#### Records supplied
-=-=-=-=-

text \<open>At points where ub or vb vanish (only x = 0, 1 in the Dirichlet case) HOL's
  convention x/0 = 0 makes the integrand 0, which is the continuous extension
  used in the paper; in any case endpoints do not affect the integral.\<close>
definition Hfun :: "(real \<Rightarrow> real) \<Rightarrow> (real \<Rightarrow> real) \<Rightarrow> (real \<Rightarrow> real)
                      \<Rightarrow> (real \<Rightarrow> real) \<Rightarrow> (real \<Rightarrow> real) \<Rightarrow> real" where
  "Hfun c ub vb U V =
     (1/2) * integral {0..1}
       (\<lambda>x. c x * (vb x / ub x * (U x - ub x)\<^sup>2 + ub x / vb x * (V x - vb x)\<^sup>2))"

end

theory Submission
  imports Defs
begin

(*
  Write R = c (vb/ub (u - ub)^2 + ub/vb (v - vb)^2) for the density of H and
  F = c^2/2 (ub/vb (v - vb)^2 - vb/ub (u - ub)^2) for a flux. Eliminating u_t, v_t, ub', vb'
  with the evolution and the stationary equations gives the pointwise identity
    R_t / 2 = F_x - alpha/2 * c J / ((1 + u + v) (1 + ub + vb)).
  Differentiating H under the integral sign and integrating F_x over [0,1], the theorem follows
  once F takes the same value at both ends: by periodicity for (PBC), and because F vanishes
  there for (DBC). In the Dirichlet case the weights vb/ub and ub/vb blow up at the ends, but
  the linear bounds on u, v, ub, vb dominate the weighted deviations by quantities vanishing at
  the ends, which keeps everything continuous up to the boundary, as Leibniz's rule and the
  fundamental theorem of calculus require.
*)

lemma continuous_on_Times_slice:
  assumes "continuous_on (X \<times> T) (\<lambda>(x, t). F x t)" "t \<in> T"
  shows "continuous_on X (\<lambda>x. F x t)"
proof -
  have "continuous_on X ((\<lambda>(x, t). F x t) \<circ> (\<lambda>x. (x, t)))"
    by (rule continuous_on_compose)
      (use assms in \<open>auto intro: continuous_intros continuous_on_subset\<close>)
  then show ?thesis by (simp add: o_def)
qed

lemma continuous_on_Times_fst:
  assumes "continuous_on X f"
  shows "continuous_on (X \<times> T) (\<lambda>(x, t). f x)"
  using continuous_on_compose2[OF assms continuous_on_fst[OF continuous_on_id], of "X \<times> T"]
  by (auto simp: case_prod_beta)

lemma continuous_on_Times_of_time_derivative:
  fixes u ut :: "'a::metric_space \<Rightarrow> real \<Rightarrow> real"
  assumes T: "open T"
    and u_dt: "\<And>x t. x \<in> X \<Longrightarrow> t \<in> T \<Longrightarrow> ((\<lambda>s. u x s) has_real_derivative ut x t) (at t)"
    and ut_cont: "continuous_on (X \<times> T) (\<lambda>(x, t). ut x t)"
    and u_cont: "\<And>t. t \<in> T \<Longrightarrow> continuous_on X (\<lambda>x. u x t)"
  shows "continuous_on (X \<times> T) (\<lambda>(x, t). u x t)"
  unfolding continuous_on_iff
proof (intro ballI allI impI)
  fix p e assume p: "p \<in> X \<times> T" and e: "(e::real) > 0"
  obtain x0 t0 where p_eq: "p = (x0, t0)" and x0: "x0 \<in> X" and t0: "t0 \<in> T"
    using p by auto
  obtain d1 where d1: "d1 > 0"
    and ut_near: "\<And>q. q \<in> X \<times> T \<Longrightarrow> dist q p < d1 \<Longrightarrow> dist ((\<lambda>(x, t). ut x t) q) (ut x0 t0) < 1"
    using ut_cont p unfolding continuous_on_iff p_eq by (metis case_prod_conv zero_less_one)
  define B where "B = \<bar>ut x0 t0\<bar> + 1"
  have B: "B > 0" by (simp add: B_def add_nonneg_pos)
  obtain r where r: "r > 0" "ball t0 r \<subseteq> T"
    using T t0 open_contains_ball by blast
  obtain d2 where d2: "d2 > 0"
    and u_near: "\<And>x. x \<in> X \<Longrightarrow> dist x x0 < d2 \<Longrightarrow> dist (u x t0) (u x0 t0) < e/2"
    using u_cont[OF t0] x0 e unfolding continuous_on_iff by (metis half_gt_zero)
  define d where "d = Min {d1/2, r, e/(2*B), d2}"
  have d: "d > 0" "d \<le> d1/2" "d \<le> r" "d \<le> e/(2*B)" "d \<le> d2"
    using d1 r d2 e B by (auto simp: d_def)
  show "\<exists>d>0. \<forall>q\<in>X \<times> T. dist q p < d \<longrightarrow> dist ((\<lambda>(x, t). u x t) q) ((\<lambda>(x, t). u x t) p) < e"
  proof (intro exI[of _ d] conjI ballI impI d(1))
    fix q assume q: "q \<in> X \<times> T" and dq: "dist q p < d"
    obtain x s where q_eq: "q = (x, s)" and x: "x \<in> X" and s: "s \<in> T" using q by auto
    have dx: "dist x x0 < d" and ds: "dist s t0 < d"
      using dist_fst_le[of q p] dist_snd_le[of q p] dq by (auto simp: q_eq p_eq)
    have ut_bound: "norm (ut x y) \<le> B" if y: "y \<in> ball t0 d" for y
    proof -
      have "y \<in> T" using y d(3) r(2) by auto
      moreover have "dist (x, y) p < d1"
        unfolding p_eq dist_Pair_Pair
        using dx y d(2) by (intro sqrt_sum_squares_half_less) (auto simp: dist_commute)
      ultimately have "dist (ut x y) (ut x0 t0) < 1" using ut_near[of "(x, y)"] x by auto
      then show ?thesis by (simp add: B_def dist_real_def)
    qed
    have "norm (u x s - u x t0) \<le> B * norm (s - t0)"
    proof (rule field_differentiable_bound[OF convex_ball _ ut_bound])
      fix y assume "y \<in> ball t0 d"
      then have "y \<in> T" using d(3) r(2) by auto
      then show "((\<lambda>s. u x s) has_field_derivative ut x y) (at y within ball t0 d)"
        using u_dt[OF x] has_field_derivative_at_within by blast
    qed (use ds d(1) in \<open>auto simp: dist_commute\<close>)
    also have "\<dots> < B * (e / (2 * B))"
      using ds d(4) B by (intro mult_strict_left_mono) (auto simp: dist_real_def)
    finally have "\<bar>u x s - u x t0\<bar> < e/2" using B by simp
    moreover have "\<bar>u x t0 - u x0 t0\<bar> < e/2"
      using u_near[OF x] dx d(5) by (simp add: dist_real_def)
    ultimately show "dist ((\<lambda>(x, t). u x t) q) ((\<lambda>(x, t). u x t) p) < e"
      using abs_triangle_ineq[of "u x s - u x t0" "u x t0 - u x0 t0"]
      unfolding q_eq p_eq dist_real_def by simp
  qed
qed

lemma continuous_on_dominated_vanishing:
  fixes F H :: "'a::t2_space \<Rightarrow> real"
  assumes "open A" "A \<subseteq> T" "continuous_on A F" "continuous_on T H"
    and dom: "\<And>y. y \<in> T \<Longrightarrow> \<bar>F y\<bar> \<le> H y"
    and vanish: "\<And>y. y \<in> T \<Longrightarrow> y \<notin> A \<Longrightarrow> F y = 0 \<and> H y = 0"
  shows "continuous_on T F"
proof (rule continuous_on_eq_continuous_within[THEN iffD2], intro ballI)
  fix y assume y: "y \<in> T"
  show "continuous (at y within T) F"
  proof (cases "y \<in> A")
    case True
    then have "isCont F y" using assms(1,3) continuous_on_eq_continuous_at by blast
    then show ?thesis by (rule continuous_at_imp_continuous_within)
  next
    case False
    with vanish[OF y] have "F y = 0" "H y = 0" by auto
    have "eventually (\<lambda>z. norm (F z) \<le> H z) (at y within T)"
      using dom by (auto simp: eventually_at_filter)
    moreover have "(H \<longlongrightarrow> 0) (at y within T)"
      using assms(4) y \<open>H y = 0\<close> unfolding continuous_on_def by auto
    ultimately have "(F \<longlongrightarrow> 0) (at y within T)" by (rule Lim_null_comparison)
    then show ?thesis using \<open>F y = 0\<close> unfolding continuous_within by simp
  qed
qed

lemma continuous_on_ratio_product:
  fixes a b :: "real \<Rightarrow> real" and w h :: "real \<Rightarrow> 'a::t2_space \<Rightarrow> real"
  assumes "open S"
    and a_cont: "continuous_on {0..1} a" and b_cont: "continuous_on {0..1} b"
    and w_cont: "continuous_on ({0..1} \<times> S) (\<lambda>(x, s). w x s)"
    and h_cont: "continuous_on ({0..1} \<times> S) (\<lambda>(x, s). h x s)"
    and a_pos: "\<And>x. x \<in> {0<..<1} \<Longrightarrow> 0 < a x"
    and w_le: "\<And>x s. x \<in> {0<..<1} \<Longrightarrow> s \<in> S \<Longrightarrow> \<bar>w x s\<bar> \<le> L * a x"
    and ends: "\<And>x s. x \<in> {0, 1} \<Longrightarrow> s \<in> S \<Longrightarrow> (a x = 0 \<and> h x s = 0) \<or> b x = 0"
  shows "continuous_on ({0..1} \<times> S) (\<lambda>(x, s). b x / a x * w x s * h x s)"
  \<comment> \<open>At an end where a x = 0 the function is 0 only because x / 0 = 0 in HOL.\<close>
proof (rule continuous_on_dominated_vanishing[where A = "{0<..<1} \<times> S"
      and H = "\<lambda>(x, s). L * \<bar>b x\<bar> * \<bar>h x s\<bar>"])
  note fst_cont = continuous_on_Times_fst[where T = S, unfolded case_prod_beta]
  have sub: "{0<..<1::real} \<times> S \<subseteq> {0..1} \<times> S" by auto
  show "continuous_on ({0<..<1} \<times> S) (\<lambda>(x, s). b x / a x * w x s * h x s)"
    using continuous_on_subset[OF fst_cont[OF a_cont] sub]
      continuous_on_subset[OF fst_cont[OF b_cont] sub]
      continuous_on_subset[OF w_cont sub] continuous_on_subset[OF h_cont sub] a_pos
    unfolding case_prod_beta by (intro continuous_intros) (auto simp: less_imp_neq[symmetric])
  show "continuous_on ({0..1} \<times> S) (\<lambda>(x, s). L * \<bar>b x\<bar> * \<bar>h x s\<bar>)"
    using fst_cont[OF b_cont] h_cont unfolding case_prod_beta by (intro continuous_intros)
  fix p :: "real \<times> 'a" assume p: "p \<in> {0..1} \<times> S"
  then obtain x s where p_eq: "p = (x, s)" and x: "x \<in> {0..1}" and s: "s \<in> S" by auto
  show "\<bar>(\<lambda>(x, s). b x / a x * w x s * h x s) p\<bar> \<le> (\<lambda>(x, s). L * \<bar>b x\<bar> * \<bar>h x s\<bar>) p"
  proof (cases "x \<in> {0<..<1}")
    case True
    have "\<bar>b x / a x * w x s * h x s\<bar> = \<bar>b x\<bar> / a x * \<bar>w x s\<bar> * \<bar>h x s\<bar>"
      using a_pos[OF True] by (simp add: abs_mult)
    also have "\<dots> \<le> \<bar>b x\<bar> / a x * (L * a x) * \<bar>h x s\<bar>"
      using a_pos[OF True] w_le[OF True s] by (intro mult_right_mono mult_left_mono) auto
    also have "\<dots> = L * \<bar>b x\<bar> * \<bar>h x s\<bar>" using a_pos[OF True] by simp
    finally show ?thesis by (simp add: p_eq)
  next
    case False
    with x ends[of x s] s have "(a x = 0 \<and> h x s = 0) \<or> b x = 0" by auto
    then show ?thesis by (auto simp: p_eq)
  qed
  assume "p \<notin> {0<..<1} \<times> S"
  with x ends[of x s] s have "(a x = 0 \<and> h x s = 0) \<or> b x = 0" by (auto simp: p_eq)
  then show "(\<lambda>(x, s). b x / a x * w x s * h x s) p = 0 \<and> (\<lambda>(x, s). L * \<bar>b x\<bar> * \<bar>h x s\<bar>) p = 0"
    by (auto simp: p_eq)
qed (use \<open>open S\<close> in \<open>auto intro: open_Times\<close>)

lemma abs_diff_le_of_linear_bounds:
  fixes y z d K m M :: real
  assumes "0 < m" "0 < d" "0 \<le> y" "y \<le> K * d" "m * d \<le> z" "z \<le> M * d"
  shows "\<bar>y - z\<bar> \<le> (K + M) / m * z"
proof -
  have "0 \<le> K * d" using assms(3,4) by linarith
  then have "0 \<le> K" using assms(2) by (simp add: zero_le_mult_iff)
  have "0 < m * d" using assms(1,2) by simp
  then have "0 \<le> z" "0 < M * d" using assms(5,6) by linarith+
  then have "0 \<le> M" using assms(2) by (simp add: zero_less_mult_iff)
  have "\<bar>y - z\<bar> \<le> (K + M) * d" using assms \<open>0 \<le> z\<close> by (simp add: abs_le_iff algebra_simps)
  also have "\<dots> = (K + M) / m * (m * d)" using assms(1) by simp
  also have "\<dots> \<le> (K + M) / m * z"
    using assms \<open>0 \<le> K\<close> \<open>0 \<le> M\<close> by (intro mult_left_mono) auto
  finally show ?thesis .
qed

lemma has_real_derivative_integral_parametric:
  fixes f g :: "real \<Rightarrow> real \<Rightarrow> real"
  assumes T: "open T" "t \<in> T"
    and f_dt: "\<And>x s. x \<in> {a..b} \<Longrightarrow> s \<in> T \<Longrightarrow> ((\<lambda>s. f x s) has_real_derivative g x s) (at s)"
    and f_cont: "\<And>s. s \<in> T \<Longrightarrow> continuous_on {a..b} (\<lambda>x. f x s)"
    and g_cont: "continuous_on ({a..b} \<times> T) (\<lambda>(x, s). g x s)"
  shows "((\<lambda>s. integral {a..b} (\<lambda>x. f x s)) has_real_derivative integral {a..b} (\<lambda>x. g x t)) (at t)"
proof -
  obtain r where r: "r > 0" "ball t r \<subseteq> T" using T open_contains_ball by blast
  then have in_T: "s \<in> T" if "s \<in> ball t r" for s using that by auto
  have "((\<lambda>s. integral (cbox a b) (\<lambda>x. f x s)) has_real_derivative integral (cbox a b) (\<lambda>x. g x t))
          (at t within ball t r)"
  proof (rule leibniz_rule_field_derivative[where f = "\<lambda>s x. f x s" and fx = "\<lambda>s x. g x s"])
    show "((\<lambda>s. f x s) has_real_derivative g x s) (at s within ball t r)"
      if "s \<in> ball t r" "x \<in> cbox a b" for s x
      using that f_dt[OF _ in_T] by (auto simp: cbox_interval intro: has_field_derivative_at_within)
    show "(\<lambda>x. f x s) integrable_on cbox a b" if "s \<in> ball t r" for s
      using f_cont[OF in_T[OF that]] by (simp add: cbox_interval integrable_continuous_interval)
    show "continuous_on (ball t r \<times> cbox a b) (\<lambda>(s, x). g x s)"
      unfolding cbox_interval
      by (rule continuous_on_subset[OF continuous_on_swap_args[OF g_cont]]) (use r in auto)
  qed (use r in auto)
  moreover have "at t within ball t r = at t" by (rule at_within_open) (use r in auto)
  ultimately show ?thesis by (simp add: cbox_interval)
qed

-=-=-=-=-

#### Problem statement
For this exercise, please output exactly the lines above starting at the line with "define d where" and ending at the line with "< d \<longrightarrow>", ends included.

#### Answer for this exercise
  define d where "d = Min {d1/2, r, e/(2*B), d2}"
  have d: "d > 0" "d \<le> d1/2" "d \<le> r" "d \<le> e/(2*B)" "d \<le> d2"
    using d1 r d2 e B by (auto simp: d_def)
  show "\<exists>d>0. \<forall>q\<in>X \<times> T. dist q p < d \<longrightarrow> dist ((\<lambda>(x, t). u x t) q) ((\<lambda>(x, t). u x t) p) < e"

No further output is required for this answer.